The cleanupIndex function is a little function responsible for removing a previous index:

1
2
3
4
5
6
7
let cleanupIndex baseDir =
    let indexPath = Path.Combine(baseDir, "lucene")

    if Directory.Exists indexPath then
        Directory.GetFiles indexPath |> Array.iter File.Delete
        Directory.Delete indexPath
    indexPath

And the makeIndex function is the same as we had in the OnInitializedAsync function of our component, so I won't inline it here (you can find it on GitHub).

That leaves us with one last function, packageIndex.

Packaging the Index

Remember in the previous post that we noticed that you can use System.IO in Blazor and there is a file system available to you (fun fact, it's a Linux file system!)? Well that got me thinking since we're able to write to it with Lucene.NET we should be able to write anything to it, and since we can use any netstandard library we could use an archive as the delivery mechanism!

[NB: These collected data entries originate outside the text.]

lemma cw_expansive_connected_stable_sets_shrink:
  assumes "compact X" and hom: "homeomorphism X X f g" and "cw_expansive X f"
  obtains \<epsilon> where "\<epsilon> > 0"
    "\<And>x V. x \<in> V \<Longrightarrow> connected V \<Longrightarrow> V \<subseteq> local_stable X f \<epsilon> x \<Longrightarrow> iterates_shrink f V"
proof -
  obtain \<alpha> where "\<alpha> > 0" and cw: "\<forall>C. C \<subseteq> X \<and> continuum C \<and> (\<exists>a\<in>C. \<exists>b\<in>C. a \<noteq> b)
      \<longrightarrow> \<alpha> < (SUP n::int. diameter (zit X f n ` C))"
    using assms(3) unfolding cw_expansive_def by meson
  have fX: "f ` X \<subseteq> X" and cont: "continuous_on X f"
    using hom by (simp_all add: homeomorphism_def)
  have "iterates_shrink f V"
    if V: "x \<in> V" "connected V" "V \<subseteq> local_stable X f (\<alpha> / 4) x" for x V
  proof (rule ccontr)
    have VX: "V \<subseteq> X"
      using V(3) by (auto simp: local_stable_def)
    assume "\<not> iterates_shrink f V"
    then obtain \<delta> m p where "\<delta> > 0" and m: "filterlim m at_top sequentially" and p: "p \<in> X"
      "(\<lambda>k. (f ^^ m k) x) \<longlonglongrightarrow> p" and far: "\<And>k. \<exists>y\<in>V. \<exists>z\<in>V. \<delta> < dist ((f ^^ m k) y) ((f ^^ m k) z)"
      using not_iterates_shrink_subsequence[OF \<open>compact X\<close> fX V(1) VX] by blast
    define L where "L = upper_limit (\<lambda>k. (f ^^ m k) ` V)"
    have A: "(f ^^ m k) ` V \<subseteq> X" "connected ((f ^^ m k) ` V)" "(f ^^ m k) x \<in> (f ^^ m k) ` V" for k
      using funpow_image_subset[OF fX] continuous_on_funpow[OF cont fX] VX V(1,2)
      by (blast, meson connected_continuous_image continuous_on_subset, blast)
    have far': "\<exists>y\<in>(f ^^ m k) ` V. \<exists>z\<in>(f ^^ m k) ` V. \<delta> < dist y z" for k
      using far[of k] by blast
    have "continuum L" "\<exists>a\<in>L. \<exists>b\<in>L. a \<noteq> b"
      unfolding L_def
      using nondegenerate_continuum_upper_limit[of X "\<lambda>k. (f ^^ m k) ` V" "\<lambda>k. (f ^^ m k) x" p \<delta>,
          OF \<open>compact X\<close> A p(2) \<open>\<delta> > 0\<close> far'] .
    moreover have "L \<subseteq> X"
      unfolding L_def using funpow_image_subset[OF fX] VX \<open>compact X\<close>
      by (intro upper_limit_subset compact_imp_closed) blast+
    ultimately have "\<alpha> < (SUP n::int. diameter (zit X f n ` L))"
      using cw by blast
    moreover have "diameter (zit X f n ` L) \<le> \<alpha> / 2" for n
      using zit_image_upper_limit_subset_cball[OF hom _ V(3) _ m p(2,1), of n]
        diameter_le_of_subset_cball[of _ _ "\<alpha> / 4"] compact_imp_closed[OF \<open>compact X\<close>] V(1) VX \<open>\<alpha> > 0\<close>
      unfolding L_def by auto
    then have "(SUP n::int. diameter (zit X f n ` L)) \<le> \<alpha> / 2"
      by (intro cSUP_least) auto
    ultimately show False
      using \<open>\<alpha> > 0\<close> by linarith
  qed
  moreover have "\<alpha> / 4 > 0"
    using \<open>\<alpha> > 0\<close> by simp
  ultimately show ?thesis
    using that by blast
qed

And that's just what we'll do, we'll use System.IO.Compression.ZipFile:

 1
 2
 3
 4
 5
 6
 7
 8
 9
10
11
module Packager

open System.IO
open System.IO.Compression

let packageIndex baseDir indexPath =
    let packagePath = Path.Combine(baseDir, "index.zip")
    if File.Exists packagePath then
        File.Delete packagePath

    ZipFile.CreateFromDirectory(indexPath, packagePath, CompressionLevel.Fastest, false)

The packageIndex function will take in a starting directory and the path to the index, and put all those index files into a zip archive. Now we have a file that can be put on our server at a known location with a known file name for use in the component!

Updating the Component

With the logic to build the index pushed off to a console application, we can now drastically simplify the component that we've created. First we'll download the zip file as a stream and write it to disk:

1
2
3
4
5
6
7
8
9
let downloadIndex() =
    task {
        let path = Path.Combine(Environment.CurrentDirectory, "index.zip")

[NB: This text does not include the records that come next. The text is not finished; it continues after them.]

lemma indep_size_poly_eq_sum_occupancy:
  "indep_size_poly l = (\<Sum>v\<in>V. \<Sum>I\<in>\<I>. if v \<in> I then l ^ card I else 0)"
proof -
  have "(\<Sum>v\<in>V. if v \<in> I then l ^ card I else 0) = card I * l ^ card I" if "I \<in> \<I>" for I
  proof -
    have "V \<inter> I = I"
      using that indep_sets_subset_Pow by auto
    then show ?thesis
      using sum.inter_restrict[OF finite_V, of "\<lambda>_. l ^ card I" I] by simp
  qed
  then show ?thesis
    unfolding indep_size_poly_def by (subst sum.swap) simp
qed

lemma sum_nbhd_occupancy_le:
  fixes l D :: real
  assumes l: "0 \<le> l" and deg: "\<And>u. u \<in> V \<Longrightarrow> card (nbhd u) \<le> D"
  shows "(\<Sum>v\<in>V. \<Sum>I\<in>\<I>. card (I \<inter> nbhd v) * l ^ card I) \<le> D * indep_size_poly l"
proof -
  have double_count: "(\<Sum>v\<in>V. real (card (I \<inter> nbhd v))) = (\<Sum>u\<in>I. real (card (nbhd u)))"
    if I: "I \<in> \<I>" for I
  proof -
    have "(\<Sum>v\<in>V. real (card (I \<inter> nbhd v))) = (\<Sum>v\<in>V. \<Sum>u\<in>I. if v \<in> nbhd u then 1 else 0)"
      using finite_indep_set[OF I] by (simp add: sum.If_cases in_nbhd_commute Int_def)
    also have "\<dots> = (\<Sum>u\<in>I. \<Sum>v\<in>V. if v \<in> nbhd u then 1 else 0)"
      by (rule sum.swap)
    also have "\<dots> = (\<Sum>u\<in>I. real (card (nbhd u)))"
      using nbhd_subset by (simp add: sum.If_cases finite_V Int_absorb1 Int_commute)
    finally show ?thesis .
  qed
  have "(\<Sum>v\<in>V. \<Sum>I\<in>\<I>. card (I \<inter> nbhd v) * l ^ card I)
      = (\<Sum>I\<in>\<I>. (\<Sum>u\<in>I. real (card (nbhd u))) * l ^ card I)"
    by (subst sum.swap) (simp add: double_count sum_distrib_right[symmetric])
  also have "\<dots> \<le> (\<Sum>I\<in>\<I>. (card I * D) * l ^ card I)"
  proof (rule sum_mono)
    fix I assume "I \<in> \<I>"
    then have "(\<Sum>u\<in>I. real (card (nbhd u))) \<le> (\<Sum>u\<in>I. D)"
      using deg indep_sets_subset_Pow by (intro sum_mono) auto
    then show "(\<Sum>u\<in>I. real (card (nbhd u))) * l ^ card I \<le> (card I * D) * l ^ card I"
      using l by (intro mult_right_mono) auto
  qed
  also have "\<dots> = D * indep_size_poly l"
    by (simp add: indep_size_poly_def sum_distrib_left algebra_simps)
  finally show ?thesis .
qed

        use! stream = http.GetStreamAsync("/index.zip")
        use file = File.Create path
        stream.CopyTo file
        return path
    }

Note: This still uses the HttpClient injected via the Blazor Dependency Injection framework.

See how we're able to use GetStreamAsync to stream the file and copy that stream to a FileStream? This is how you download a file in any .NET Core project, nothing special here even though it's in WebAssembly.

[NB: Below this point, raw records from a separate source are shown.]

text \<open>Coassociativity: splitting any tensor factor of an iterated coproduct gives the same sum.\<close>

lemma sweedler_split_take_drop:
  assumes t: "vector_space t"
  shows "multilin sA t (Suc n) F \<Longrightarrow> k \<le> n \<Longrightarrow>
    sweedler \<Delta> n a (\<lambda>vs. \<Sum>(p, q)\<leftarrow>\<Delta> (vs ! k). F (take k vs @ p # q # drop (Suc k) vs)) =
    sweedler \<Delta> (Suc n) a F"
proof (induction n arbitrary: a k F)
  case (Suc m)
  show ?case
  proof (cases k)
    case 0
    have F1: "lin sA t (\<lambda>x. F (x # vs))" if "length vs = Suc (Suc m)" for vs
      using Suc.prems(1) that by simp
    have F2: "lin sA t (\<lambda>y. F (x # y # vs))" if "length vs = Suc m" for x vs
      using Suc.prems(1) that by simp
    have F3: "multilin sA t m (\<lambda>vs. F (x # y # vs))" for x y
      using Suc.prems(1) by simp
    have "sweedler \<Delta> (Suc m) a (\<lambda>vs. \<Sum>(p, q)\<leftarrow>\<Delta> (vs ! k). F (take k vs @ p # q # drop (Suc k) vs))
        = (\<Sum>(u, v)\<leftarrow>\<Delta> a. \<Sum>(p, q)\<leftarrow>\<Delta> u. sweedler \<Delta> m v (\<lambda>vs. F (p # q # vs)))"
      using 0 by (simp add: sweedler_sum_list)
    also have "\<dots> = (\<Sum>(u, v)\<leftarrow>\<Delta> a. \<Sum>(v1, v2)\<leftarrow>\<Delta> v. sweedler \<Delta> m v2 (\<lambda>vs. F (u # v1 # vs)))"
    proof (rule coassoc[OF t])
      show "lin sA t (\<lambda>x. sweedler \<Delta> m z (\<lambda>vs. F (x # y # vs)))" for y z
        by (rule lin_sweedler_param[OF t]) (simp add: F1)
      show "lin sA t (\<lambda>y. sweedler \<Delta> m z (\<lambda>vs. F (x # y # vs)))" for x z
        by (rule lin_sweedler_param[OF t]) (simp add: F2)
      show "lin sA t (\<lambda>z. sweedler \<Delta> m z (\<lambda>vs. F (x # y # vs)))" for x y
        by (rule lin_sweedler[OF t F3])
    qed
    also have "\<dots> = sweedler \<Delta> (Suc (Suc m)) a F"
      by simp
    finally show ?thesis .
  next
    case (Suc k')
    have "sweedler \<Delta> m v (\<lambda>vs. \<Sum>(p, q)\<leftarrow>\<Delta> (vs ! k'). F (u # take k' vs @ p # q # drop (Suc k') vs))
        = sweedler \<Delta> (Suc m) v (\<lambda>vs. F (u # vs))" for u v
      using Suc.IH[of "\<lambda>vs. F (u # vs)" k' v] Suc.prems Suc by simp
    then show ?thesis
      using Suc by simp
  qed
qed simp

Then create another function to unpack the zip:

1
let extractZip path = ZipFile.ExtractToDirectory(path, Environment.CurrentDirectory)

Finally, the OnInitializedAsync can be updated:

 1
 2
 3
 4
 5
 6
 7
 8
 9
10
11
override this.OnInitializedAsync() =
    task {
        let! indexPath = downloadIndex()
        extractZip indexPath

        dir <- FSDirectory.Open(Environment.CurrentDirectory)
        reader <- DirectoryReader.Open dir

        this.IndexLoaded <- true
    }
    |> Task.Ignore

Look at that, 25 lines down to 12, and since Lucene.NET is very efficient at opening indexes the application now only takes as long as it takes to download and extract the zip archive (we're talking fractions of a second vs ten's of seconds). You'll find the fully updated component on GitHub.

Conclusion

Like with the original experiment to run Lucene.NET in Blazor WebAssembly I was pretty amazed that this “just worked”, especially since it involves downloading a zip file, writing it “to disk” and then unpacking the archive. I remember early in my career that it was nearly impossible to do that on the server and now it's less than 50 lines of code running in the browser!

That aside I think this is a nifty way to think about optimising Blazor applications. It's very easy to forget that Blazor WASM is going to be running on every client that connects, so they are all going to be doing the heavy lifting, so if there's an opportunity to offload some of that work and simplify what the client has to do, then it makes sense to do it.

Here it was a case of generating a Lucene.NET index that we then download, but it could be any number of things that your application would normally “create on startup”.

But in the end it all “just works”, which you can see on my sites search feature and the full source code is in the Search folder on my blog's GitHub repo.